Restate the entries below word for word, omitting nothing.

**Extracted entries**
━━━━━━

(* Assume (A1), (A2) and (C4), and let $h_n=n^{-d/(2+d)}$. Then $$\sup_{x\in[0,1]^d}\Big\|\sup_{g\in\mathrm{Lip}(B)}|g_n(x)-g(x)|\Big\|_2=O\big[n^{-\frac{d}{2+d}}\big],$$ where $\|\cdot\|_2$ is the $L^2(\mathbb P)$ norm and $O[\cdot]$ is the usual deterministic big-O as $n\to\infty$.
   Context: Fix an integer $d\ge1$. For $x=(x_1,\dots,x_d)\in\mathbb{R}^d$ let $\|x\|=\max_{1\le k\le d}|x_k|$. Let $(\varepsilon_i)_{i\in\mathbb{Z}^d}$ be a strictly stationary real random field on a probability space $(\Omega,\mathcal F,\mathbb P)$ with $E\varepsilon_0=0$. Strict stationarity means: for all $k\in\mathbb{Z}^d$, $n\ge1$ and $i_1,\dots,i_n\in\mathbb{Z}^d$, the vectors $(\varepsilon_{i_1},\dots,\varepsilon_{i_n})$ and $(\varepsilon_{i_1+k},\dots,\varepsilon_{i_n+k})$ have the same law. For $g:[0,1]^d\to\mathbb{R}$ and $\Lambda_n=\{1,\dots,n\}^d$, set $Y_i=g(i/n)+\varepsilon_i$ for $i\in\Lambda_n$. Let $K$ be a probability density on $\mathbb{R}^d$ and $(h_n)_{n\ge1}$ positive numbers. For $x\in[0,1]^d$ define $$g_n(x)=\frac{\sum_{i\in\Lambda_n}Y_i\,K\big((x-i/n)/h_n\big)}{\sum_{i\in\Lambda_n}K\big((x-i/n)/h_n\big)}.$$ This estimator depends on $g$ through the $Y_i$. Assumption (A1): $K$ is symmetric and nonnegative, and supported in $[-1,1]^d$. There is $\eta>0$ with $|K(x)-K(y)|\le\eta\|x-y\|$ for all $x,y\in[-1,1]^d$, and there are constants $c,C>0$ with $c\le K(x)\le C$ for all $x\in[-1,1]^d$. Assumption (A2) / $\mathrm{Lip}(B)$: $B>0$ is fixed and $\mathrm{Lip}(B)$ is the set of $g:[0,1]^d\to\mathbb{R}$ with $|g(x)-g(y)|\le B\|x-y\|$ for all $x,y$. Condition (C4): $\varepsilon_0\in L^2$ and $\sum_{k\in\mathbb{Z}^d}|E(\varepsilon_0\varepsilon_k)|<\infty$. *)

theory Defs
  imports "HOL-Probability.Probability"
begin

definition supnorm :: "real^'d \<Rightarrow> real" where
  "supnorm x = Max (range (\<lambda>k. \<bar>x $ k\<bar>))"

definition unit_cube :: "(real^'d) set" where
  "unit_cube = {x. \<forall>k. 0 \<le> x $ k \<and> x $ k \<le> 1}"

definition Lambda :: "nat \<Rightarrow> (int^'d) set" where
  "Lambda n = {i. \<forall>k. 1 \<le> i $ k \<and> i $ k \<le> int n}"

definition grid_pt :: "nat \<Rightarrow> int^'d \<Rightarrow> real^'d" where
  "grid_pt n i = (\<chi> k. real_of_int (i $ k) / real n)"

text \<open>Assumption (A1) on the kernel, together with K being a probability density.\<close>
definition kernel_A1 :: "(real^'d \<Rightarrow> real) \<Rightarrow> bool" where
  "kernel_A1 K \<longleftrightarrow>
     K \<in> borel_measurable lborel \<and>
     (\<integral>\<^sup>+ x. ennreal (K x) \<partial>lborel) = 1 \<and>
     (\<forall>x. K (- x) = K x) \<and>
     (\<forall>x. 0 \<le> K x) \<and>
     (\<forall>x. supnorm x > 1 \<longrightarrow> K x = 0) \<and>
     (\<exists>\<eta>>0. \<forall>x y. supnorm x \<le> 1 \<longrightarrow> supnorm y \<le> 1 \<longrightarrow>
              \<bar>K x - K y\<bar> \<le> \<eta> * supnorm (x - y)) \<and>
     (\<exists>c>0. \<exists>C>0. \<forall>x. supnorm x \<le> 1 \<longrightarrow> c \<le> K x \<and> K x \<le> C)"

text \<open>Lip(B): B-Lipschitz functions on [0,1]^d w.r.t. the max norm
  (only values on the cube are constrained).\<close>
definition Lip :: "real \<Rightarrow> (real^'d \<Rightarrow> real) set" where
  "Lip B = {g. \<forall>x\<in>unit_cube. \<forall>y\<in>unit_cube. \<bar>g x - g y\<bar> \<le> B * supnorm (x - y)}"

definition strictly_stationary ::
    "'a measure \<Rightarrow> (int^'d \<Rightarrow> 'a \<Rightarrow> real) \<Rightarrow> bool" where
  "strictly_stationary M \<epsilon> \<longleftrightarrow>
     (\<forall>k. \<forall>I. finite I \<longrightarrow>
        distr M (PiM I (\<lambda>_. borel)) (\<lambda>\<omega>. \<lambda>i\<in>I. \<epsilon> (i + k) \<omega>)
      = distr M (PiM I (\<lambda>_. borel)) (\<lambda>\<omega>. \<lambda>i\<in>I. \<epsilon> i \<omega>))"

definition cond_C4 :: "'a measure \<Rightarrow> (int^'d \<Rightarrow> 'a \<Rightarrow> real) \<Rightarrow> bool" where
  "cond_C4 M \<epsilon> \<longleftrightarrow>
     integrable M (\<lambda>\<omega>. (\<epsilon> 0 \<omega>)\<^sup>2) \<and>
     (\<lambda>k. \<bar>integral\<^sup>L M (\<lambda>\<omega>. \<epsilon> 0 \<omega> * \<epsilon> k \<omega>)\<bar>) summable_on UNIV"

━━━━━━

**Response box**
(* Assume (A1), (A2) and (C4), and let $h_n=n^{-d/(2+d)}$. Then $$\sup_{x\in[0,1]^d}\Big\|\sup_{g\in\mathrm{Lip}(B)}|g_n(x)-g(x)|\Big\|_2=O\big[n^{-\frac{d}{2+d}}\big],$$ where $\|\cdot\|_2$ is the $L^2(\mathbb P)$ norm and $O[\cdot]$ is the usual deterministic big-O as $n\to\infty$.
   Context: Fix an integer $d\ge1$. For $x=(x_1,\dots,x_d)\in\mathbb{R}^d$ let $\|x\|=\max_{1\le k\le d}|x_k|$. Let $(\varepsilon_i)_{i\in\mathbb{Z}^d}$ be a strictly stationary real random field on a probability space $(\Omega,\mathcal F,\mathbb P)$ with $E\varepsilon_0=0$. Strict stationarity means: for all $k\in\mathbb{Z}^d$, $n\ge1$ and $i_1,\dots,i_n\in\mathbb{Z}^d$, the vectors $(\varepsilon_{i_1},\dots,\varepsilon_{i_n})$ and $(\varepsilon_{i_1+k},\dots,\varepsilon_{i_n+k})$ have the same law. For $g:[0,1]^d\to\mathbb{R}$ and $\Lambda_n=\{1,\dots,n\}^d$, set $Y_i=g(i/n)+\varepsilon_i$ for $i\in\Lambda_n$. Let $K$ be a probability density on $\mathbb{R}^d$ and $(h_n)_{n\ge1}$ positive numbers. For $x\in[0,1]^d$ define $$g_n(x)=\frac{\sum_{i\in\Lambda_n}Y_i\,K\big((x-i/n)/h_n\big)}{\sum_{i\in\Lambda_n}K\big((x-i/n)/h_n\big)}.$$ This estimator depends on $g$ through the $Y_i$. Assumption (A1): $K$ is symmetric and nonnegative, and supported in $[-1,1]^d$. There is $\eta>0$ with $|K(x)-K(y)|\le\eta\|x-y\|$ for all $x,y\in[-1,1]^d$, and there are constants $c,C>0$ with $c\le K(x)\le C$ for all $x\in[-1,1]^d$. Assumption (A2) / $\mathrm{Lip}(B)$: $B>0$ is fixed and $\mathrm{Lip}(B)$ is the set of $g:[0,1]^d\to\mathbb{R}$ with $|g(x)-g(y)|\le B\|x-y\|$ for all $x,y$. Condition (C4): $\varepsilon_0\in L^2$ and $\sum_{k\in\mathbb{Z}^d}|E(\varepsilon_0\varepsilon_k)|<\infty$. *)

theory Defs
  imports "HOL-Probability.Probability"
begin

definition supnorm :: "real^'d \<Rightarrow> real" where
  "supnorm x = Max (range (\<lambda>k. \<bar>x $ k\<bar>))"

definition unit_cube :: "(real^'d) set" where
  "unit_cube = {x. \<forall>k. 0 \<le> x $ k \<and> x $ k \<le> 1}"

definition Lambda :: "nat \<Rightarrow> (int^'d) set" where
  "Lambda n = {i. \<forall>k. 1 \<le> i $ k \<and> i $ k \<le> int n}"

definition grid_pt :: "nat \<Rightarrow> int^'d \<Rightarrow> real^'d" where
  "grid_pt n i = (\<chi> k. real_of_int (i $ k) / real n)"

text \<open>Assumption (A1) on the kernel, together with K being a probability density.\<close>
definition kernel_A1 :: "(real^'d \<Rightarrow> real) \<Rightarrow> bool" where
  "kernel_A1 K \<longleftrightarrow>
     K \<in> borel_measurable lborel \<and>
     (\<integral>\<^sup>+ x. ennreal (K x) \<partial>lborel) = 1 \<and>
     (\<forall>x. K (- x) = K x) \<and>
     (\<forall>x. 0 \<le> K x) \<and>
     (\<forall>x. supnorm x > 1 \<longrightarrow> K x = 0) \<and>
     (\<exists>\<eta>>0. \<forall>x y. supnorm x \<le> 1 \<longrightarrow> supnorm y \<le> 1 \<longrightarrow>
              \<bar>K x - K y\<bar> \<le> \<eta> * supnorm (x - y)) \<and>
     (\<exists>c>0. \<exists>C>0. \<forall>x. supnorm x \<le> 1 \<longrightarrow> c \<le> K x \<and> K x \<le> C)"

text \<open>Lip(B): B-Lipschitz functions on [0,1]^d w.r.t. the max norm
  (only values on the cube are constrained).\<close>
definition Lip :: "real \<Rightarrow> (real^'d \<Rightarrow> real) set" where
  "Lip B = {g. \<forall>x\<in>unit_cube. \<forall>y\<in>unit_cube. \<bar>g x - g y\<bar> \<le> B * supnorm (x - y)}"

definition strictly_stationary ::
    "'a measure \<Rightarrow> (int^'d \<Rightarrow> 'a \<Rightarrow> real) \<Rightarrow> bool" where
  "strictly_stationary M \<epsilon> \<longleftrightarrow>
     (\<forall>k. \<forall>I. finite I \<longrightarrow>
        distr M (PiM I (\<lambda>_. borel)) (\<lambda>\<omega>. \<lambda>i\<in>I. \<epsilon> (i + k) \<omega>)
      = distr M (PiM I (\<lambda>_. borel)) (\<lambda>\<omega>. \<lambda>i\<in>I. \<epsilon> i \<omega>))"

definition cond_C4 :: "'a measure \<Rightarrow> (int^'d \<Rightarrow> 'a \<Rightarrow> real) \<Rightarrow> bool" where
  "cond_C4 M \<epsilon> \<longleftrightarrow>
     integrable M (\<lambda>\<omega>. (\<epsilon> 0 \<omega>)\<^sup>2) \<and>
     (\<lambda>k. \<bar>integral\<^sup>L M (\<lambda>\<omega>. \<epsilon> 0 \<omega> * \<epsilon> k \<omega>)\<bar>) summable_on UNIV"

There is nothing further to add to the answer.